Dataset entries

• • •

theorem lemmaF3:
  fixes g :: "'x::euclidean_space \<Rightarrow> 'y::euclidean_space \<Rightarrow> real"
    and gx :: "'x \<Rightarrow> 'y \<Rightarrow> 'x" and gy :: "'x \<Rightarrow> 'y \<Rightarrow> 'y"
    and Dxx :: "'x \<Rightarrow> 'y \<Rightarrow> ('x \<Rightarrow>\<^sub>L 'x)" and Dxy :: "'x \<Rightarrow> 'y \<Rightarrow> ('y \<Rightarrow>\<^sub>L 'x)"
    and Dyx :: "'x \<Rightarrow> 'y \<Rightarrow> ('x \<Rightarrow>\<^sub>L 'y)" and Dyy :: "'x \<Rightarrow> 'y \<Rightarrow> ('y \<Rightarrow>\<^sub>L 'y)"
    and Lgx Lgy Lgxy Lgyy mug :: real
    and m j i :: nat
    and xs :: "nat \<Rightarrow> 'x" and ys :: "nat \<Rightarrow> 'y" and b :: 'y
    and mu :: "nat \<Rightarrow> nat \<Rightarrow> real" and Y :: "nat \<Rightarrow> nat \<Rightarrow> nat \<Rightarrow> real"
  defines "A \<equiv> (\<lambda>k. blinfun_apply (Dyy (xs k) (ys k)))"
  \<comment> \<open>g is twice continuously differentiable (gradients gx, gy; Hessian blocks D..)\<close>
  assumes g_diff: "\<And>x y. ((\<lambda>p. g (fst p) (snd p)) has_derivative
                      (\<lambda>h. inner (gx x y) (fst h) + inner (gy x y) (snd h))) (at (x, y))"
    and gx_diff: "\<And>x y. ((\<lambda>p. gx (fst p) (snd p)) has_derivative
                      (\<lambda>h. Dxx x y (fst h) + Dxy x y (snd h))) (at (x, y))"
    and gy_diff: "\<And>x y. ((\<lambda>p. gy (fst p) (snd p)) has_derivative
                      (\<lambda>h. Dyx x y (fst h) + Dyy x y (snd h))) (at (x, y))"
    and Dxx_cont: "continuous_on UNIV (\<lambda>p. Dxx (fst p) (snd p))"
    and Dxy_cont: "continuous_on UNIV (\<lambda>p. Dxy (fst p) (snd p))"
    and Dyx_cont: "continuous_on UNIV (\<lambda>p. Dyx (fst p) (snd p))"
    and Dyy_cont: "continuous_on UNIV (\<lambda>p. Dyy (fst p) (snd p))"
  \<comment> \<open>(A2)\<close>
    and A2_gx: "\<And>x y x' y'. norm (gx x y - gx x' y') \<le> Lgx * norm ((x, y) - (x', y'))"
    and A2_gy: "\<And>x y x' y'. norm (gy x y - gy x' y') \<le> Lgy * norm ((x, y) - (x', y'))"
    and A2_gxy: "\<And>x y x' y'. norm (Dxy x y - Dxy x' y') \<le> Lgxy * norm ((x, y) - (x', y'))"
    and A2_gyy: "\<And>x y x' y'. norm (Dyy x y - Dyy x' y') \<le> Lgyy * norm ((x, y) - (x', y'))"
  \<comment> \<open>(A3)\<close>
    and mug_pos: "mug > 0"
    and A3: "\<And>x. convex_on UNIV (\<lambda>y. g x y - mug / 2 * (norm y)\<^sup>2)"
  \<comment> \<open>dynamic Lanczos setting\<close>
    and b_nz: "b \<noteq> 0"
    and beta_nz: "\<And>k. 1 \<le> k \<Longrightarrow> k < m \<Longrightarrow> lz_beta A b (Suc k) \<noteq> 0"
    and j_bounds: "2 \<le> j" "j \<le> m"
  \<comment> \<open>for 1 \<le> n \<le> j: T_n Y^(n) = Y^(n) diag(mu^(n)), Y^(n) orthogonal, mu^(n) strictly
      decreasing (T_n has distinct eigenvalues); Y n r k is the k-th entry of y_r^(n)\<close>
    and eig: "\<And>n r k. 1 \<le> n \<Longrightarrow> n \<le> j \<Longrightarrow> r \<in> {1..n} \<Longrightarrow> k \<in> {1..n} \<Longrightarrow>
              (\<Sum>l = 1..n. lz_T A b k l * Y n r l) = mu n r * Y n r k"
    and orth: "\<And>n r r'. 1 \<le> n \<Longrightarrow> n \<le> j \<Longrightarrow> r \<in> {1..n} \<Longrightarrow> r' \<in> {1..n} \<Longrightarrow>
              (\<Sum>k = 1..n. Y n r k * Y n r' k) = (if r = r' then 1 else 0)"
    and decr: "\<And>n r. 1 \<le> n \<Longrightarrow> n \<le> j \<Longrightarrow> 1 \<le> r \<Longrightarrow> r < n \<Longrightarrow> mu n r > mu n (Suc r)"
    and i_bounds: "1 \<le> i" "i \<le> j"
    and yRy_nz: "(\<Sum>k = 1..j. \<Sum>l = 1..j. Y j i k * lz_R A b k l * Y j i l) \<noteq> 0"
  shows "\<exists>s n. 1 \<le> s \<and> s \<le> n \<and> n < j \<and>
           \<bar>mu j i - mu n s\<bar> \<le>
             2 * real j ^ 2 * Lgyy * eps_j g Lgx mug xs ys j /
             (sqrt 3 * \<bar>\<Sum>k = 1..j. \<Sum>l = 1..j. Y j i k * lz_R A b k l * Y j i l\<bar>)"
proof -
  let ?eps = "eps_j g Lgx mug xs ys j"
  let ?yRy = "\<Sum>k = 1..j. \<Sum>l = 1..j. Y j i k * lz_R A b k l * Y j i l"
  have A_sym: "inner (A k u) v = inner u (A k v)" for k u v
    unfolding A_def by (rule partial_hessian_snd_symmetric[OF g_diff gy_diff Dyy_cont])
  have A_var: "norm (A l v - A k v) \<le> 2 * Lgyy * ?eps * norm v"
    if "k \<in> {1..j}" "l \<in> {1..j}" for k l v
    using order_trans[OF norm_blinfun mult_right_mono[OF
        hessian_variation_le_eps_j[OF g_diff A2_gx A2_gyy mug_pos A3 that(2,1)] norm_ge_zero]]
    by (simp add: A_def blinfun.diff_left)
  have "i \<in> {1..j}" using i_bounds by simp
  from lanczos_ritz_value_gap[OF b_nz beta_nz j_bounds A_sym A_var eig orth this]
  obtain s n where sn: "1 \<le> s" "s \<le> n" "n < j"
    and gap: "\<bar>mu j i - mu n s\<bar> * \<bar>?yRy\<bar> \<le> real j ^ 2 * Lgyy * ?eps"
    by (auto simp: mult_ac)
  have "0 \<le> real j ^ 2 * Lgyy * ?eps"
    using lipschitz_constant_nonneg[OF A2_gyy] lipschitz_constant_nonneg[OF A2_gx] mug_pos j_bounds
    by (simp add: eps_j_nonneg)
  with gap yRy_nz have "\<bar>mu j i - mu n s\<bar> \<le> 2 * (real j ^ 2 * Lgyy * ?eps) / (sqrt 3 * \<bar>?yRy\<bar>)"
    by (rule gap_bound_relax)
  with sn show ?thesis by (auto simp: mult_ac)
qed

end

• • •

- [Your objective]
Check each line of the entries for "close" and copy those that have it.

- [Output for this exercise]
  \<comment> \<open>g is twice continuously differentiable (gradients gx, gy; Hessian blocks D..)\<close>
  \<comment> \<open>(A2)\<close>
  \<comment> \<open>(A3)\<close>
  \<comment> \<open>dynamic Lanczos setting\<close>
      decreasing (T_n has distinct eigenvalues); Y n r k is the k-th entry of y_r^(n)\<close>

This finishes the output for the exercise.